Florida gives "bad" schools the title "critically low." These are derived from test scores. Last year I worked at one of the "critical schools." Our former commissioner of education, Frank Brogan, felt those schools weren't doing their job and sent in the troops. One such person ($$$$$$$$) was Dr. Bill Blokker (I hope his name is spelled correctly). Everyone at these schools was under alot of stress. Ironically, all the "critical" schools were in the welfare, low/no income areas with high discipline problems. That creates more stress. Schools often do things in ways that they don't want to in order to please the higher-ups. Add to that the unwillingness for parents to comprehend what goes on in classrooms. Unlike a manager in a fast-food chain, we can't hire and fire who we want, we don't have much say in how our franchise is run and we don't get paid to put up with the mental abuse which comes with working in various geographic areas (not necessarily secondary schools). Imagine running this franchise without napkins, catsup, hamburger, ice or cups. Better yet, imagine having to purchase all these items with your own, "slap-in-the-face" salary. For 9-10 different subjects, I have ONE textbook (I teach 2nd grade) and TWO workbooks which can be written in (all others must be copied). (Each child has their own, thank goodness.) Hey, I don't even have a "workable" curriculum for the areas of Science, Health or Social Studies (I do have a lasar disc and material which can be copied but takes 3 hours to plan one week's lesson). Add into that the potential for unfair administration, conflicting messages for methods of teaching (one day practice sheets are OK, the next day they are forbidden) and, of course, increased class size with lack of assistance.
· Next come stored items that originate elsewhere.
lemma limsup_risk_below_level_le:
  assumes K: "K > 0" and \<delta>: "\<delta> > 0" and \<eta>: "\<eta> > 0" and gap: "3 * \<eta> \<le> (\<integral>z. clipped_margin K t z \<partial>P)"
  shows "limsup (\<lambda>n. emeasure (joint n) (risk_below_level n t))
    \<le> ennreal ((tail_mass K + \<delta>) / \<eta> + tail_mass K + K * \<delta>\<^sup>2)"
proof -
  define c where "c = ennreal ((tail_mass K + \<delta>) / \<eta> + tail_mass K + K * \<delta>\<^sup>2)"
  define b where "b n = ennreal (exp (- real n * \<eta>\<^sup>2 / (2 * K\<^sup>2)))
      + 2 * emeasure (\<Omega> n) (space (\<Omega> n) - weight_close n \<delta>) + c" for n
  have "eventually (\<lambda>n. emeasure (joint n) (risk_below_level n t) \<le> b n) sequentially"
    using eventually_ge_at_top[of "nat \<lceil>(K + 1) / \<eta>\<rceil> + 1"]
  proof eventually_elim
    case (elim n)
    then have "(K + 1) / \<eta> \<le> real n"
      by linarith
    then have "K + 1 \<le> real n * \<eta>"
      using \<eta> by (simp add: divide_le_eq)
    moreover have "n > 0"
      using elim by simp
    ultimately show ?case
      unfolding b_def c_def using K \<delta> \<eta> gap by (intro emeasure_risk_below_level_le)
  qed
  then have "limsup (\<lambda>n. emeasure (joint n) (risk_below_level n t)) \<le> limsup b"
    by (rule Limsup_mono)
  also have "limsup b = c"
  proof (intro lim_imp_Limsup trivial_limit_sequentially)
    have "(\<lambda>n. exp (- real n * \<eta>\<^sup>2 / (2 * K\<^sup>2))) \<longlonglongrightarrow> 0"
      using \<eta> K by real_asymp
    then have "b \<longlonglongrightarrow> ennreal 0 + 2 * 0 + c"
      unfolding b_def
      by (intro tendsto_add tendsto_ennrealI ennreal_tendsto_cmult emeasure_not_weight_close_tendsto_0 \<delta>
          tendsto_const) auto
    then show "b \<longlonglongrightarrow> c"
      by simp
  qed
  finally show ?thesis
    by (simp add: c_def)
qed

lemma risk_below_level_tendsto_0:
  assumes gap: "\<alpha> < shifted_risk t"
  shows "(\<lambda>n. emeasure (joint n) (risk_below_level n t)) \<longlonglongrightarrow> 0"
proof (rule tendsto_0_if_Limsup_eq_0_ennreal)
  show "limsup (\<lambda>n. emeasure (joint n) (risk_below_level n t)) = 0"
  proof (rule antisym[OF ennreal_le_epsilon zero_le])
    fix e :: real assume e: "0 < e"
    define \<eta> where "\<eta> = (shifted_risk t - \<alpha>) / 4"
    have \<eta>: "\<eta> > 0"
      using gap by (simp add: \<eta>_def)
    obtain K where K: "K > 0" and tail: "tail_mass K \<le> min \<eta> (min (e * \<eta> / 4) (e / 4))"
      using exists_tail_mass_le[of "min \<eta> (min (e * \<eta> / 4) (e / 4))"] \<eta> e by auto
    define \<delta> where "\<delta> = min 1 (min (e * \<eta> / 4) (e / (4 * K)))"
    have \<delta>: "\<delta> > 0" "\<delta> \<le> 1" "\<delta> \<le> e * \<eta> / 4" "\<delta> \<le> e / (4 * K)"
      using e \<eta> K by (auto simp: \<delta>_def)
    have "3 * \<eta> \<le> (\<integral>z. clipped_margin K t z \<partial>P)"
      using integral_clipped_margin_ge[OF K, of t] tail by (simp add: \<eta>_def)
    note limsup = limsup_risk_below_level_le[OF K \<delta>(1) \<eta> this]
    have "tail_mass K / \<eta> \<le> e / 4" "\<delta> / \<eta> \<le> e / 4"
      using tail \<delta>(3) \<eta> by (simp_all add: divide_le_eq mult.commute)
    moreover have "K * \<delta>\<^sup>2 \<le> e / 4"
    proof -
      have "K * \<delta>\<^sup>2 \<le> K * \<delta>"
        using K \<delta>(1,2) by (simp add: power2_eq_square mult_left_le)
      also have "\<dots> \<le> e / 4"
        using K \<delta>(4) by (auto simp: le_divide_eq mult_ac)
      finally show ?thesis .
    qed
    moreover have "tail_mass K \<le> e / 4"
      using tail by simp
    ultimately have "(tail_mass K + \<delta>) / \<eta> + tail_mass K + K * \<delta>\<^sup>2 \<le> e"
      unfolding add_divide_distrib by linarith
    with limsup show "limsup (\<lambda>n. emeasure (joint n) (risk_below_level n t)) \<le> 0 + ennreal e"
      by (simp add: order_trans ennreal_leI)
  qed
qed

lemma limsup_mdr_le:
  assumes "\<alpha> < shifted_risk t"
  shows "limsup mdr \<le> ennreal (shifted_risk t)"
proof -
  have "limsup mdr \<le> limsup (\<lambda>n. ennreal (shifted_risk t) + emeasure (joint n) (risk_below_level n t))"
    by (intro Limsup_mono always_eventually allI mdr_le)
  also have "\<dots> = ennreal (shifted_risk t)"
    using tendsto_add[OF tendsto_const risk_below_level_tendsto_0[OF assms]]
    by (intro lim_imp_Limsup) simp_all
  finally show ?thesis .
qed

end

theorem theorem6p3:
  fixes Mx :: "'x measure" and My :: "'y measure"
    and P Q :: "('x \<times> 'y) measure"
    and w :: "'x \<Rightarrow> real" and s :: "'x \<Rightarrow> real" and Lf :: "'x \<times> 'y \<Rightarrow> real"
    and \<Omega> :: "nat \<Rightarrow> 'o measure" and Wbar :: "nat \<Rightarrow> 'o \<Rightarrow> 'x \<Rightarrow> real"
    and \<alpha> :: real
  assumes P_prob: "prob_space P"
    and P_sets: "sets P = sets (Mx \<Otimes>\<^sub>M My)"
    and w_meas: "w \<in> borel_measurable Mx"
    and w_pos: "\<And>x. x \<in> space Mx \<Longrightarrow> w x > 0"
    and Q_def: "Q = density P (\<lambda>z. ennreal (w (fst z)))"
    and Q_prob: "prob_space Q"
    and Lf_meas: "Lf \<in> borel_measurable (Mx \<Otimes>\<^sub>M My)"
    and Lf_range: "\<And>z. z \<in> space (Mx \<Otimes>\<^sub>M My) \<Longrightarrow> Lf z \<in> {0..1}"
    and s_meas: "s \<in> borel_measurable Mx"
    and s_range: "\<And>x. x \<in> space Mx \<Longrightarrow> s x \<in> {0..1}"
    and \<Omega>_prob: "\<And>n. prob_space (\<Omega> n)"
    and Wbar_meas: "\<And>n. (\<lambda>(\<omega>, x). Wbar n \<omega> x) \<in> borel_measurable (\<Omega> n \<Otimes>\<^sub>M Mx)"
    and Wbar_nonneg: "\<And>n \<omega> x. \<omega> \<in> space (\<Omega> n) \<Longrightarrow> x \<in> space Mx \<Longrightarrow> Wbar n \<omega> x \<ge> 0"
    and Wbar_consistent:
      "\<And>\<epsilon>. \<epsilon> > 0 \<Longrightarrow>
         (\<lambda>n. emeasure (\<Omega> n) {\<omega> \<in> space (\<Omega> n).
             (\<integral>\<^sup>+ x. ennreal ((Wbar n \<omega> x - w x)\<^sup>2) \<partial>(distr P Mx fst)) > ennreal (\<epsilon>\<^sup>2)})
         \<longlonglongrightarrow> 0"
    and \<alpha>_range: "0 < \<alpha>" "\<alpha> < 1"
    and F_def: "F = (\<lambda>t::real.
         (\<integral>z. w (fst z) * real_cond_exp P (vimage_algebra (space P) fst Mx) Lf z
                * (if s (fst z) \<le> t then 1 else 0) \<partial>P) / (\<integral>z. w (fst z) \<partial>P))"
    and bdd: "bdd_above {t. F t \<le> \<alpha>}"
    and tstar_def: "tstar = Sup {t. F t \<le> \<alpha>}"
    and F_cont: "isCont F tstar"
    and F_strict: "\<And>t. t < tstar \<Longrightarrow> F t < F tstar" "\<And>t. tstar < t \<Longrightarrow> F tstar < F t"
    and MDR_def: "MDR = (\<lambda>n.
         \<integral>\<^sup>+ (\<omega>, Z). ennreal (Lf (Z n)
            * (if evalue n (\<lambda>i. Wbar n \<omega> (fst (Z i))) (\<lambda>i. Lf (Z i)) (\<lambda>i. s (fst (Z i))) \<alpha>
                  \<ge> ereal (1 / \<alpha>) then 1 else 0))
         \<partial>(\<Omega> n \<Otimes>\<^sub>M (\<Pi>\<^sub>M i\<in>{..n}. if i = n then Q else P)))"
  shows "limsup MDR \<le> ennreal \<alpha>"
proof -
  interpret covariate_shift Mx My P Q w s Lf \<Omega> Wbar \<alpha>
    by (rule covariate_shift.intro[OF P_prob P_sets w_meas w_pos Q_def Q_prob Lf_meas Lf_range s_meas
          \<Omega>_prob Wbar_meas Wbar_nonneg Wbar_consistent \<alpha>_range])
  have F: "F = shifted_risk"
    using cond_exp_risk_eq_shifted_risk by (simp add: F_def fun_eq_iff)
  have MDR: "MDR = mdr"
    by (simp add: MDR_def mdr_def joint_def data_def fun_eq_iff)
  have "0 \<le> s (fst z)" if "z \<in> space P" for z
    using s_range[OF fst_in_space[OF that]] by simp
  then have "shifted_risk (-1) = 0"
    unfolding shifted_risk_def by (intro integral_eq_zero_AE AE_I2) force
  then have "-1 \<in> {t. F t \<le> \<alpha>}"
    using \<alpha>_range by (simp add: F)
  show ?thesis
  proof (rule ennreal_le_epsilon)
    fix e :: real assume e: "0 < e"
    obtain t where t: "\<alpha> < F t" "F t < \<alpha> + e"
      using exists_value_above_level_near[OF bdd _ _ e] \<open>-1 \<in> {t. F t \<le> \<alpha>}\<close> F_cont
      unfolding tstar_def by blast
    then have "limsup MDR \<le> ennreal (F t)"
      using limsup_mdr_le by (simp add: F MDR)
    also have "\<dots> \<le> ennreal \<alpha> + ennreal e"
      using t \<alpha>_range e by (simp flip: ennreal_plus)
    finally show "limsup MDR \<le> ennreal \<alpha> + ennreal e" .
  qed
qed

end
I do agree with the philosophies in this book but blaming the schools and those working in them isn't right. We only do what we are told to do with the information we are given. I love teaching. If I didn't, I wouldn't have taken the time to write what I did. We need to get back to the basics but that will take parents doing something major. It will also take more than writing a best-selling book. If you have anything to respond to, please write me. I only want the best for our children, but as the old saying goes, it takes a village.